ACTIVITY »
Would you pull out every line of the material that contains the string "from"?

DATA EXTRACT »
(* Let $(W,S)$ be a finitely generated Coxeter system and $u,v\in W$. (1) If $u\le v$, then $C(v)\subseteq C(u)$ (equivalently $S(u)\subseteq S(v)$). (2) If $u\le v$, then $[u,v]=\{v_I: S(u)\subseteq I\subseteq S(v)\}$. (3) If $u\le v$, then $u\le_{\mathcal L} v$. (4) If $W_{S(u)}$ has finite index $k$ in $W$, then $|\{w\in W: w\ge u\}|=k$.
   Context: $(W,S)$ is a finitely generated Coxeter system with length function $\ell$. For $w\in W$, $S(w)\subseteq S$ is the set of simple reflections appearing in a (any) reduced expression of $w$, and $C(w)=S\setminus S(w)$. For $I\subseteq S$, $W_I$ is the parabolic subgroup generated by $I$, $X_I=\{u\in W:\ell(us)>\ell(u)\ \forall s\in I\}$, and every $w\in W$ factors uniquely as $w=w^Iw_I$ with $w^I\in X_I$, $w_I\in W_I$ (parabolic components along $I$), with $\ell(w)=\ell(w^I)+\ell(w_I)$. The partial order on $W$: $u\le v$ if and only if $v_{S(u)}=u$. The left weak order: $u\le_{\mathcal L}v$ iff there is $v'\in W$ with $v=v'u$ and $\ell(v)=\ell(v')+\ell(u)$. *)

theory Defs
  imports "HOL-Algebra.Multiplicative_Group"
begin

(* Coxeter systems, rendered in HOL-Algebra: W = carrier G, S \<subseteq> carrier G. *)

definition wprod :: "('a, 'b) monoid_scheme \<Rightarrow> 'a list \<Rightarrow> 'a" where
  "wprod G ws = foldr (\<lambda>x y. x \<otimes>\<^bsub>G\<^esub> y) ws \<one>\<^bsub>G\<^esub>"

(* The congruence on words generated by the Coxeter relations
   s s = 1 and (s t)^{m(s,t)} = 1 (when m(s,t) = order of st is finite). *)
inductive cox_rel :: "('a, 'b) monoid_scheme \<Rightarrow> 'a set \<Rightarrow> 'a list \<Rightarrow> 'a list \<Rightarrow> bool"
  for G S where
  refl: "cox_rel G S w w"
| sym: "cox_rel G S w w' \<Longrightarrow> cox_rel G S w' w"
| trans: "cox_rel G S w w' \<Longrightarrow> cox_rel G S w' w'' \<Longrightarrow> cox_rel G S w w''"
| ctxt: "cox_rel G S w w' \<Longrightarrow> cox_rel G S (a @ w @ b) (a @ w' @ b)"
| sq: "s \<in> S \<Longrightarrow> cox_rel G S [s, s] []"
| braid: "s \<in> S \<Longrightarrow> t \<in> S \<Longrightarrow> group.ord G (s \<otimes>\<^bsub>G\<^esub> t) \<noteq> 0 \<Longrightarrow>
           cox_rel G S (concat (replicate (group.ord G (s \<otimes>\<^bsub>G\<^esub> t)) [s, t])) []"

definition coxeter_system :: "('a, 'b) monoid_scheme \<Rightarrow> 'a set \<Rightarrow> bool" where
  "coxeter_system G S \<longleftrightarrow> group G \<and> S \<subseteq> carrier G \<and>
     (\<forall>s\<in>S. s \<noteq> \<one>\<^bsub>G\<^esub> \<and> s \<otimes>\<^bsub>G\<^esub> s = \<one>\<^bsub>G\<^esub>) \<and>
     generate G S = carrier G \<and>
     (\<forall>w1\<in>lists S. \<forall>w2\<in>lists S. wprod G w1 = wprod G w2 \<longrightarrow> cox_rel G S w1 w2)"

definition cox_len :: "('a, 'b) monoid_scheme \<Rightarrow> 'a set \<Rightarrow> 'a \<Rightarrow> nat" where
  "cox_len G S w = (LEAST n. \<exists>ws\<in>lists S. length ws = n \<and> wprod G ws = w)"

definition reduced_word :: "('a, 'b) monoid_scheme \<Rightarrow> 'a set \<Rightarrow> 'a list \<Rightarrow> 'a \<Rightarrow> bool" where
  "reduced_word G S ws w \<longleftrightarrow> ws \<in> lists S \<and> wprod G ws = w \<and> length ws = cox_len G S w"

definition supp :: "('a, 'b) monoid_scheme \<Rightarrow> 'a set \<Rightarrow> 'a \<Rightarrow> 'a set" where
  "supp G S w = {s. \<exists>ws. reduced_word G S ws w \<and> s \<in> set ws}"

definition cosupp :: "('a, 'b) monoid_scheme \<Rightarrow> 'a set \<Rightarrow> 'a \<Rightarrow> 'a set" where
  "cosupp G S w = S - supp G S w"

definition parabolic :: "('a, 'b) monoid_scheme \<Rightarrow> 'a set \<Rightarrow> 'a set" where
  "parabolic G I = generate G I"

definition min_reps :: "('a, 'b) monoid_scheme \<Rightarrow> 'a set \<Rightarrow> 'a set \<Rightarrow> 'a set" where
  "min_reps G S I = {u \<in> carrier G. \<forall>s\<in>I. cox_len G S u < cox_len G S (u \<otimes>\<^bsub>G\<^esub> s)}"

definition par_comp :: "('a, 'b) monoid_scheme \<Rightarrow> 'a set \<Rightarrow> 'a set \<Rightarrow> 'a \<Rightarrow> 'a" where
  "par_comp G S I w = (THE y. y \<in> parabolic G I \<and> w \<otimes>\<^bsub>G\<^esub> inv\<^bsub>G\<^esub> y \<in> min_reps G S I)"

definition cox_le :: "('a, 'b) monoid_scheme \<Rightarrow> 'a set \<Rightarrow> 'a \<Rightarrow> 'a \<Rightarrow> bool" where
  "cox_le G S u v \<longleftrightarrow> u \<in> carrier G \<and> v \<in> carrier G \<and> par_comp G S (supp G S u) v = u"

definition cox_interval :: "('a, 'b) monoid_scheme \<Rightarrow> 'a set \<Rightarrow> 'a \<Rightarrow> 'a \<Rightarrow> 'a set" where
  "cox_interval G S u v = {w \<in> carrier G. cox_le G S u w \<and> cox_le G S w v}"

definition left_weak_le :: "('a, 'b) monoid_scheme \<Rightarrow> 'a set \<Rightarrow> 'a \<Rightarrow> 'a \<Rightarrow> bool" where
  "left_weak_le G S u v \<longleftrightarrow>
     (\<exists>v'\<in>carrier G. v = v' \<otimes>\<^bsub>G\<^esub> u \<and> cox_len G S v = cox_len G S v' + cox_len G S u)"

end

theory Submission
  imports Defs
begin

(* Everything is derived from the presentation by Tits' reflection cocycle: the parity, for a word
   s1 ... sn and an element r, of the number of i with s1 ... s(i-1) si s(i-1) ... s1 = r.
   It is invariant under the Coxeter relations, hence depends only on the product of the word,
   and for a reduced word exactly n elements r have odd parity. This gives the exchange
   condition, and with it the parabolic factorisation: every w is uniquely x y with x in X_I
   and y in W_I, lengths add, and reduced words of elements of W_I only use letters of I.
   Then u <= v says exactly that v = x u with x in X_S(u). Concatenating reduced words of x and
   u gives (1) and (3); x |-> x u is a bijection from X_S(u), a transversal of the cosets of
   W_S(u), onto the elements above u, which gives (4); and (2) follows from (v_I)_J = v_J for
   J \<subseteq> I. *)

lemma wprod_Nil [simp]: "wprod G [] = \<one>\<^bsub>G\<^esub>"
  by (simp add: wprod_def)

lemma wprod_Cons [simp]: "wprod G (x # xs) = x \<otimes>\<^bsub>G\<^esub> wprod G xs"
  by (simp add: wprod_def)

lemma (in monoid) wprod_closed: "set xs \<subseteq> carrier G \<Longrightarrow> wprod G xs \<in> carrier G"
  by (induct xs) auto

lemma (in monoid) wprod_append:
  "set xs \<subseteq> carrier G \<Longrightarrow> set ys \<subseteq> carrier G \<Longrightarrow> wprod G (xs @ ys) = wprod G xs \<otimes> wprod G ys"
  by (induct xs) (auto simp: wprod_closed m_assoc)

lemma (in monoid) wprod_concat_replicate:
  "x \<in> carrier G \<Longrightarrow> y \<in> carrier G \<Longrightarrow> wprod G (concat (replicate n [x, y])) = (x \<otimes> y) [^] n"
proof (induct n)
  case (Suc n)
  then show ?case using nat_pow_Suc2[of "x \<otimes> y" n] by (simp add: m_assoc)
qed simp

lemma (in group) conj_eq_iff:
  "a \<in> carrier G \<Longrightarrow> q \<in> carrier G \<Longrightarrow> r \<in> carrier G \<Longrightarrow>
   (q = inv a \<otimes> r \<otimes> a) = (r = a \<otimes> q \<otimes> inv a)"
  by (auto simp: m_assoc[symmetric]) (simp_all add: m_assoc)

lemma concat_replicate_Suc_snoc: "concat (replicate (Suc n) xs) = concat (replicate n xs) @ xs"
  by (induct n) auto

lemma length_filter_upt_double:
  assumes "\<And>i. P (i + m) = P i"
  shows "length (filter P [0..<2*m]) = 2 * length (filter P [0..<m])"
proof -
  have "[0..<2*m] = [0..<m] @ map (\<lambda>i. i + m) [0..<m]"
    using upt_add_eq_append[of 0 m m] map_add_upt[of m m] by (simp add: mult_2)
  moreover have "filter P (map (\<lambda>i. i + m) [0..<m]) = map (\<lambda>i. i + m) (filter P [0..<m])"
    using assms by (simp add: filter_map comp_def)
  ultimately show ?thesis by simp
qed

lemma append_eq_append_Cons_cases:
  "xs @ ys = us @ z # vs \<Longrightarrow>
   (\<exists>ws. us = xs @ ws \<and> ys = ws @ z # vs) \<or> (\<exists>ws. xs = us @ z # ws \<and> vs = ws @ ys)"
  by (auto simp: append_eq_append_conv2 append_eq_Cons_conv)

fun refl_parity :: "('a, 'b) monoid_scheme \<Rightarrow> 'a list \<Rightarrow> 'a \<Rightarrow> bool" where
  "refl_parity G [] r = False"
| "refl_parity G (x # a) r = ((x = r) \<noteq> refl_parity G a (inv\<^bsub>G\<^esub> x \<otimes>\<^bsub>G\<^esub> r \<otimes>\<^bsub>G\<^esub> x))"

definition inversion_set :: "('a, 'b) monoid_scheme \<Rightarrow> 'a list \<Rightarrow> 'a set" where
  "inversion_set G a = {r \<in> carrier G. refl_parity G a r}"

lemma (in group) refl_parity_append:
  "set a \<subseteq> carrier G \<Longrightarrow> r \<in> carrier G \<Longrightarrow>
   refl_parity G (a @ b) r =
     (refl_parity G a r \<noteq> refl_parity G b (inv (wprod G a) \<otimes> r \<otimes> wprod G a))"
proof (induct a arbitrary: r)
  case Nil then show ?case by simp
next
  case (Cons x a)
  have x: "x \<in> carrier G" and a: "set a \<subseteq> carrier G" using Cons.prems by auto
  have "inv (wprod G a) \<otimes> (inv x \<otimes> r \<otimes> x) \<otimes> wprod G a
        = inv (x \<otimes> wprod G a) \<otimes> r \<otimes> (x \<otimes> wprod G a)"
    using x a Cons.prems wprod_closed by (simp add: inv_mult_group m_assoc)
  then show ?case using Cons x a by auto
qed

lemma (in group) refl_parity_split:
  "set a \<subseteq> carrier G \<Longrightarrow> r \<in> carrier G \<Longrightarrow> refl_parity G a r \<Longrightarrow>
   \<exists>xs y zs. a = xs @ y # zs \<and> r = wprod G xs \<otimes> y \<otimes> inv (wprod G xs)"
proof (induct a arbitrary: r)
  case Nil then show ?case by simp
next
  case (Cons x a)
  have x: "x \<in> carrier G" and a: "set a \<subseteq> carrier G" using Cons.prems by auto
  show ?case
  proof (cases "x = r")
    case True
    then have "x # a = [] @ x # a \<and> r = wprod G [] \<otimes> x \<otimes> inv (wprod G [])" using x by simp
    then show ?thesis by blast
  next
    case False
    let ?r' = "inv x \<otimes> r \<otimes> x"
    have r'c: "?r' \<in> carrier G" using x Cons.prems(2) by simp
    have "refl_parity G a ?r'" using Cons.prems False by simp
    then obtain xs y zs where h: "a = xs @ y # zs" "?r' = wprod G xs \<otimes> y \<otimes> inv (wprod G xs)"
      using Cons.hyps[OF a r'c] by blast
    have X: "wprod G xs \<in> carrier G" and y: "y \<in> carrier G" using a h wprod_closed by auto
    have "r = x \<otimes> ?r' \<otimes> inv x" using conj_eq_iff[OF x r'c Cons.prems(2)] by simp
    also have "\<dots> = wprod G (x # xs) \<otimes> y \<otimes> inv (wprod G (x # xs))"
      using h X x y by (simp add: m_assoc inv_mult_group)
    finally have "x # a = (x # xs) @ y # zs \<and> r = wprod G (x # xs) \<otimes> y \<otimes> inv (wprod G (x # xs))"
      using h by simp
    then show ?thesis by blast
  qed
qed

lemma (in group) finite_inversion_set:
  assumes a: "set a \<subseteq> carrier G"
  shows "finite (inversion_set G a)"
proof -
  let ?t = "\<lambda>i. wprod G (take i a) \<otimes> a ! i \<otimes> inv (wprod G (take i a))"
  have "inversion_set G a \<subseteq> ?t ` {..<length a}"
  proof
    fix r assume "r \<in> inversion_set G a"
    then have "r \<in> carrier G" "refl_parity G a r" by (simp_all add: inversion_set_def)
    then obtain xs y zs where "a = xs @ y # zs" "r = wprod G xs \<otimes> y \<otimes> inv (wprod G xs)"
      using refl_parity_split[OF a] by blast
    then show "r \<in> ?t ` {..<length a}" by (intro image_eqI[of _ _ "length xs"]) auto
  qed
  then show ?thesis by (rule finite_subset) simp
qed

locale coxeter = group G for G :: "('a, 'b) monoid_scheme" (structure) +
  fixes S :: "'a set"
  assumes coxeter_system: "coxeter_system G S"

lemma coxeter_system_imp_coxeter: "coxeter_system G S \<Longrightarrow> coxeter G S"
  unfolding coxeter_def coxeter_axioms_def by (simp add: coxeter_system_def)

context coxeter
begin

abbreviation len :: "'a \<Rightarrow> nat" where
  "len \<equiv> cox_len G S"

lemma gen_closed: "s \<in> S \<Longrightarrow> s \<in> carrier G"
  using coxeter_system by (auto simp: coxeter_system_def)

lemma gen_square: "s \<in> S \<Longrightarrow> s \<otimes> s = \<one>"
  using coxeter_system by (simp add: coxeter_system_def)

lemma gen_neq_one: "s \<in> S \<Longrightarrow> s \<noteq> \<one>"
  using coxeter_system by (simp add: coxeter_system_def)

lemma inv_gen: "s \<in> S \<Longrightarrow> inv s = s"
  using gen_square gen_closed by (simp add: inv_equality)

SOLUTION TO THIS EXERCISE »
(* Everything is derived from the presentation by Tits' reflection cocycle: the parity, for a word
   u gives (1) and (3); x |-> x u is a bijection from X_S(u), a transversal of the cosets of
   W_S(u), onto the elements above u, which gives (4); and (2) follows from (v_I)_J = v_J for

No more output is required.